ACTION ITEM: Every line below between the one holding "comm_ring_1 mat \<Rightarrow>" and the one holding "case (Suc r)", inclusive, should be copied exactly, and no other line.

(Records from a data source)
definition ones_block_id :: "nat \<Rightarrow> nat \<Rightarrow> real mat" where
  "ones_block_id p l = mat (p * l) (p * l) (\<lambda>(r, c). if r mod p = c mod p then 1 else 0)"

definition mp_inverse :: "real mat \<Rightarrow> real mat" where
  "mp_inverse M = (THE X. X \<in> carrier_mat (dim_col M) (dim_row M) \<and>
     M * X * M = M \<and> X * M * X = X \<and>
     transpose_mat (M * X) = M * X \<and> transpose_mat (X * M) = X * M)"

end

theory Submission
  imports Defs "Jordan_Normal_Form.Determinant"
begin

text \<open>Under the column-major vectorization the linear map X \<mapsto> A*X + X*B is represented by the
  coefficient matrix L of the statement: slice s of A*X is the sum over t of A^(s-t) X^(t), which is
  the Khatri-Rao term, and slice s of X*B is the sum over t of X^(s-t) B^(t), which after the
  circular reindexing t \<mapsto> s-t is the Kronecker term. As the equation is solvable, vec C = L vec X0
  lies in the range of L, hence L G vec C = L G L vec X0 = vec C for every G with L G L = L, in
  particular for the Moore-Penrose inverse; since vec is a bijection, the tensor whose
  vectorization is L^+ vec C solves the equation.

  The Moore-Penrose inverse is defined by a definite description, so it must be shown to exist
  and to be unique.
  For S = M^T M, a nonzero polynomial annihilates S (the k^2+1 matrices I, S, S^2, ... are linearly
  dependent); stripping its vanishing lowest coefficients gives S^r (a I + S q(S)) = 0 with a \<noteq> 0,
  and since S^2 Y = 0 forces S Y = 0 for symmetric S, we get S T S = S for T = -q(S)/a. Then
  T S T M^T satisfies the four Penrose equations.\<close>

lemma mult_add_less_mult:
  fixes q r a b :: nat
  assumes "q < a" and "r < b"
  shows "q * b + r < a * b"
proof -
  have "q * b + r < Suc q * b" using assms(2) by simp
  also have "\<dots> \<le> a * b" using assms(1) by (intro mult_right_mono) auto
  finally show ?thesis .
qed

lemma sum_lessThan_mult:
  fixes f :: "nat \<Rightarrow> 'a :: comm_monoid_add"
  shows "(\<Sum>x<a * b. f x) = (\<Sum>q<a. \<Sum>r<b. f (q * b + r))"
proof -
  have "(\<Sum>r<b. f (q * b + r)) = sum f {q * b..<q * b + b}" for q
    using sum.shift_bounds_nat_ivl[of f 0 "q * b" b] by (simp add: atLeast0LessThan add.commute)
  thus ?thesis by (simp add: sum.nat_group)
qed

section \<open>Moore--Penrose inverse\<close>

lemma transpose_smult_mat: "transpose_mat (c \<cdot>\<^sub>m A) = c \<cdot>\<^sub>m transpose_mat A"
  by (intro eq_matI) auto

lemma mult_assoc_dims:
  fixes A B C :: "'a :: semiring_0 mat"
  assumes "dim_col A = dim_row B" and "dim_col B = dim_row C"
  shows "A * B * C = A * (B * C)"
  using assms by (intro assoc_mult_mat) (auto intro: carrier_matI)

lemma transpose_mult_self_eq_zero:
  fixes N :: "'a :: linordered_field mat"
  assumes N: "N \<in> carrier_mat m k" and z: "transpose_mat N * N = 0\<^sub>m k k"
  shows "N = 0\<^sub>m m k"
proof (rule eq_matI)
  fix i j assume i: "i < dim_row (0\<^sub>m m k)" and j: "j < dim_col (0\<^sub>m m k)"
  have "(\<Sum>t<m. N $$ (t,j) * N $$ (t,j)) = (transpose_mat N * N) $$ (j,j)"
    using N j by (simp add: scalar_prod_def lessThan_atLeast0)
  also have "\<dots> = 0" using z j by simp
  finally have "\<forall>t\<in>{..<m}. N $$ (t,j) * N $$ (t,j) = 0"
    by (subst sum_nonneg_eq_0_iff[symmetric]) auto
  thus "N $$ (i,j) = 0\<^sub>m m k $$ (i,j)" using i j by auto
qed (use N in auto)

lemma transpose_mult_mult_eq_zero:
  fixes M D :: "'a :: linordered_field mat"
  assumes M: "M \<in> carrier_mat m k" and D: "D \<in> carrier_mat k q"
    and z: "transpose_mat M * (M * D) = 0\<^sub>m k q"
  shows "M * D = 0\<^sub>m m q"
proof (rule transpose_mult_self_eq_zero)
  show "M * D \<in> carrier_mat m q" using M D by simp
  have "transpose_mat (M * D) * (M * D) = transpose_mat D * (transpose_mat M * (M * D))"
    using M D by (simp add: transpose_mult mult_assoc_dims)
  thus "transpose_mat (M * D) * (M * D) = 0\<^sub>m q q" using z D by simp
qed

lemma wide_mat_kernel_nontrivial:
  fixes M :: "'a :: field mat"
  assumes M: "M \<in> carrier_mat m k" and mk: "m < k"
  obtains v where "v \<in> carrier_vec k" "v \<noteq> 0\<^sub>v k" "M *\<^sub>v v = 0\<^sub>v m"
proof -
  define W where "W = mat k k (\<lambda>(r, c). if r < m then M $$ (r, c) else 0)"
  have W: "W \<in> carrier_mat k k" unfolding W_def by simp
  have "W = mat\<^sub>r k k (\<lambda>r. if r = m then 0\<^sub>v k else row W r)"
    by (rule eq_matI) (auto simp: W_def)
  also have "det \<dots> = 0"
    by (rule det_row_0[OF mk]) (use W in auto)
  finally have "det W = 0" .
  then obtain v where v: "v \<in> carrier_vec k" "v \<noteq> 0\<^sub>v k" "W *\<^sub>v v = 0\<^sub>v k"
    using det_0_iff_vec_prod_zero_field[OF W] by blast
  have "M *\<^sub>v v = 0\<^sub>v m"
  proof (rule eq_vecI)
    fix r assume "r < dim_vec (0\<^sub>v m)"
    hence r: "r < m" by simp
    have "(M *\<^sub>v v) $ r = (W *\<^sub>v v) $ r"
      using r mk M v(1) by (simp add: W_def scalar_prod_def)
    thus "(M *\<^sub>v v) $ r = 0\<^sub>v m $ r" using v(3) r mk by simp
  qed (use M in simp)
  with v that show ?thesis by blast
qed

primrec mat_horner :: "nat \<Rightarrow> 'a :: comm_ring_1 mat \<Rightarrow> 'a list \<Rightarrow> 'a mat" where
  "mat_horner k S [] = 0\<^sub>m k k"
| "mat_horner k S (c # cs) = c \<cdot>\<^sub>m 1\<^sub>m k + S * mat_horner k S cs"

lemma mat_horner_carrier [simp]:
  "S \<in> carrier_mat k k \<Longrightarrow> mat_horner k S cs \<in> carrier_mat k k"
  by (induction cs) auto

lemma dim_mat_horner [simp]:
  "S \<in> carrier_mat k k \<Longrightarrow> dim_row (mat_horner k S cs) = k"
  "S \<in> carrier_mat k k \<Longrightarrow> dim_col (mat_horner k S cs) = k"
  using mat_horner_carrier by blast+

lemma mat_horner_commute:
  assumes S: "S \<in> carrier_mat k k"
  shows "S * mat_horner k S cs = mat_horner k S cs * S"
proof (induction cs)
  case (Cons c cs)
  have H: "mat_horner k S cs \<in> carrier_mat k k" using S by simp
  have "S * mat_horner k S (c # cs) = c \<cdot>\<^sub>m S + S * (S * mat_horner k S cs)"
    using S H by (simp add: mult_add_distrib_mat[OF S smult_carrier_mat[OF one_carrier_mat]]
        mult_smult_distrib[OF S one_carrier_mat])
  also have "\<dots> = c \<cdot>\<^sub>m S + S * mat_horner k S cs * S"
    using Cons.IH assoc_mult_mat[OF S H S] by metis
  also have "\<dots> = mat_horner k S (c # cs) * S"
    using S H by (simp add: add_mult_distrib_mat[OF smult_carrier_mat[OF one_carrier_mat] _ S]
        mult_smult_assoc_mat[OF one_carrier_mat S])
  finally show ?case .
qed (use S in simp)

lemma transpose_mat_horner:
  assumes S: "S \<in> carrier_mat k k" and sym: "transpose_mat S = S"
  shows "transpose_mat (mat_horner k S cs) = mat_horner k S cs"
proof (induction cs)
  case (Cons c cs)
  have H: "mat_horner k S cs \<in> carrier_mat k k" using S by simp
  have "transpose_mat (mat_horner k S (c # cs)) = c \<cdot>\<^sub>m 1\<^sub>m k + mat_horner k S cs * S"
    using S H Cons.IH sym by (simp add: transpose_add[of _ k k] transpose_mult[OF S H] transpose_smult_mat)
  also have "\<dots> = mat_horner k S (c # cs)"
    using mat_horner_commute[OF S] by simp
  finally show ?case .
qed simp

lemma mat_horner_replicate_zero:
  assumes S: "S \<in> carrier_mat k k"
  shows "mat_horner k S (replicate r 0 @ cs) = ((*) S ^^ r) (mat_horner k S cs)"
proof (induction r)
  case (Suc r)
  have "mat_horner k S (replicate r 0 @ cs) \<in> carrier_mat k k" using S by simp
  with Suc.IH S show ?case by (intro eq_matI) auto
qed simp

lemma mat_horner_index:
  assumes S: "S \<in> carrier_mat k k" and a: "a < k" and b: "b < k"
  shows "mat_horner k S cs $$ (a, b) = (\<Sum>i<length cs. cs ! i * ((*) S ^^ i) (1\<^sub>m k) $$ (a, b))"
  using a
proof (induction cs arbitrary: a)
  case (Cons c cs)
  let ?P = "\<lambda>i. ((*) S ^^ i) (1\<^sub>m k)"
  have P: "?P i \<in> carrier_mat k k" for i
    by (induction i) (use S in auto)
  hence P_dims: "dim_row (?P i) = k" "dim_col (?P i) = k" for i
    by auto
  have "mat_horner k S (c # cs) $$ (a, b)
      = c * ?P 0 $$ (a, b) + (\<Sum>j<k. S $$ (a, j) * mat_horner k S cs $$ (j, b))"
    using S Cons.prems b by (simp add: scalar_prod_def lessThan_atLeast0)
  also have "\<dots> = c * ?P 0 $$ (a, b)
      + (\<Sum>i<length cs. cs ! i * (\<Sum>j<k. S $$ (a, j) * ?P i $$ (j, b)))"
    using Cons.IH by (simp add: sum_distrib_left mult_ac sum.swap[of _ "{..<k}"])
  also have "\<dots> = c * ?P 0 $$ (a, b) + (\<Sum>i<length cs. cs ! i * ?P (Suc i) $$ (a, b))"
    using S P_dims Cons.prems b by (simp add: scalar_prod_def lessThan_atLeast0)
  also have "\<dots> = (\<Sum>i<length (c # cs). (c # cs) ! i * ?P i $$ (a, b))"
    unfolding length_Cons sum.lessThan_Suc_shift by simp
  finally show ?case .
qed (use b in simp)

lemma mat_horner_annihilator_exists:
  fixes S :: "'a :: field mat"
  assumes S: "S \<in> carrier_mat k k"
  obtains cs where "\<exists>c\<in>set cs. c \<noteq> 0" and "mat_horner k S cs = 0\<^sub>m k k"
proof -
  let ?P = "\<lambda>i. ((*) S ^^ i) (1\<^sub>m k)"
  define W where "W = mat (k * k) (Suc (k * k)) (\<lambda>(r, i). ?P i $$ (r div k, r mod k))"
  obtain v where v: "v \<in> carrier_vec (Suc (k * k))" "v \<noteq> 0\<^sub>v (Suc (k * k))" "W *\<^sub>v v = 0\<^sub>v (k * k)"
    by (rule wide_mat_kernel_nontrivial[of W "k * k" "Suc (k * k)"]) (auto simp: W_def)
  define cs where "cs = list_of_vec v"
  have cs: "length cs = Suc (k * k)" "\<And>i. i < Suc (k * k) \<Longrightarrow> cs ! i = v $ i"
    using v(1) by (auto simp: cs_def)
  have "\<exists>c\<in>set cs. c \<noteq> 0"
  proof (rule ccontr)
    assume "\<not> (\<exists>c\<in>set cs. c \<noteq> 0)"
    hence "v $ i = 0" if "i < Suc (k * k)" for i
      using cs that by (metis nth_mem)
    hence "v = 0\<^sub>v (Suc (k * k))"
      using v(1) by (intro eq_vecI) auto
    with v(2) show False ..
  qed
  moreover have "mat_horner k S cs = 0\<^sub>m k k"
  proof (rule eq_matI)
    fix a b assume "a < dim_row (0\<^sub>m k k)" "b < dim_col (0\<^sub>m k k)"
    hence a: "a < k" and b: "b < k" by auto
    have ab: "a * k + b < k * k"
      using mult_add_less_mult[OF a b] .
    have "mat_horner k S cs $$ (a, b) = (\<Sum>i<Suc (k * k). v $ i * ?P i $$ (a, b))"
      using mat_horner_index[OF S a b] cs by simp
    also have "\<dots> = (W *\<^sub>v v) $ (a * k + b)"
      using ab a b v(1) by (simp add: W_def scalar_prod_def lessThan_atLeast0 mult.commute)
    also have "\<dots> = 0" using v(3) ab by simp
    finally show "mat_horner k S cs $$ (a, b) = 0\<^sub>m k k $$ (a, b)" using a b by simp
  qed (use S in auto)
  ultimately show ?thesis using that by blast
qed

SOLVED EXERCISE:
primrec mat_horner :: "nat \<Rightarrow> 'a :: comm_ring_1 mat \<Rightarrow> 'a list \<Rightarrow> 'a mat" where
  "mat_horner k S [] = 0\<^sub>m k k"
| "mat_horner k S (c # cs) = c \<cdot>\<^sub>m 1\<^sub>m k + S * mat_horner k S cs"

lemma mat_horner_carrier [simp]:
  "S \<in> carrier_mat k k \<Longrightarrow> mat_horner k S cs \<in> carrier_mat k k"
  by (induction cs) auto

lemma dim_mat_horner [simp]:
  "S \<in> carrier_mat k k \<Longrightarrow> dim_row (mat_horner k S cs) = k"
  "S \<in> carrier_mat k k \<Longrightarrow> dim_col (mat_horner k S cs) = k"
  using mat_horner_carrier by blast+

lemma mat_horner_commute:
  assumes S: "S \<in> carrier_mat k k"
  shows "S * mat_horner k S cs = mat_horner k S cs * S"
proof (induction cs)
  case (Cons c cs)
  have H: "mat_horner k S cs \<in> carrier_mat k k" using S by simp
  have "S * mat_horner k S (c # cs) = c \<cdot>\<^sub>m S + S * (S * mat_horner k S cs)"
    using S H by (simp add: mult_add_distrib_mat[OF S smult_carrier_mat[OF one_carrier_mat]]
        mult_smult_distrib[OF S one_carrier_mat])
  also have "\<dots> = c \<cdot>\<^sub>m S + S * mat_horner k S cs * S"
    using Cons.IH assoc_mult_mat[OF S H S] by metis
  also have "\<dots> = mat_horner k S (c # cs) * S"
    using S H by (simp add: add_mult_distrib_mat[OF smult_carrier_mat[OF one_carrier_mat] _ S]
        mult_smult_assoc_mat[OF one_carrier_mat S])
  finally show ?case .
qed (use S in simp)

lemma transpose_mat_horner:
  assumes S: "S \<in> carrier_mat k k" and sym: "transpose_mat S = S"
  shows "transpose_mat (mat_horner k S cs) = mat_horner k S cs"
proof (induction cs)
  case (Cons c cs)
  have H: "mat_horner k S cs \<in> carrier_mat k k" using S by simp
  have "transpose_mat (mat_horner k S (c # cs)) = c \<cdot>\<^sub>m 1\<^sub>m k + mat_horner k S cs * S"
    using S H Cons.IH sym by (simp add: transpose_add[of _ k k] transpose_mult[OF S H] transpose_smult_mat)
  also have "\<dots> = mat_horner k S (c # cs)"
    using mat_horner_commute[OF S] by simp
  finally show ?case .
qed simp

lemma mat_horner_replicate_zero:
  assumes S: "S \<in> carrier_mat k k"
  shows "mat_horner k S (replicate r 0 @ cs) = ((*) S ^^ r) (mat_horner k S cs)"
proof (induction r)
  case (Suc r)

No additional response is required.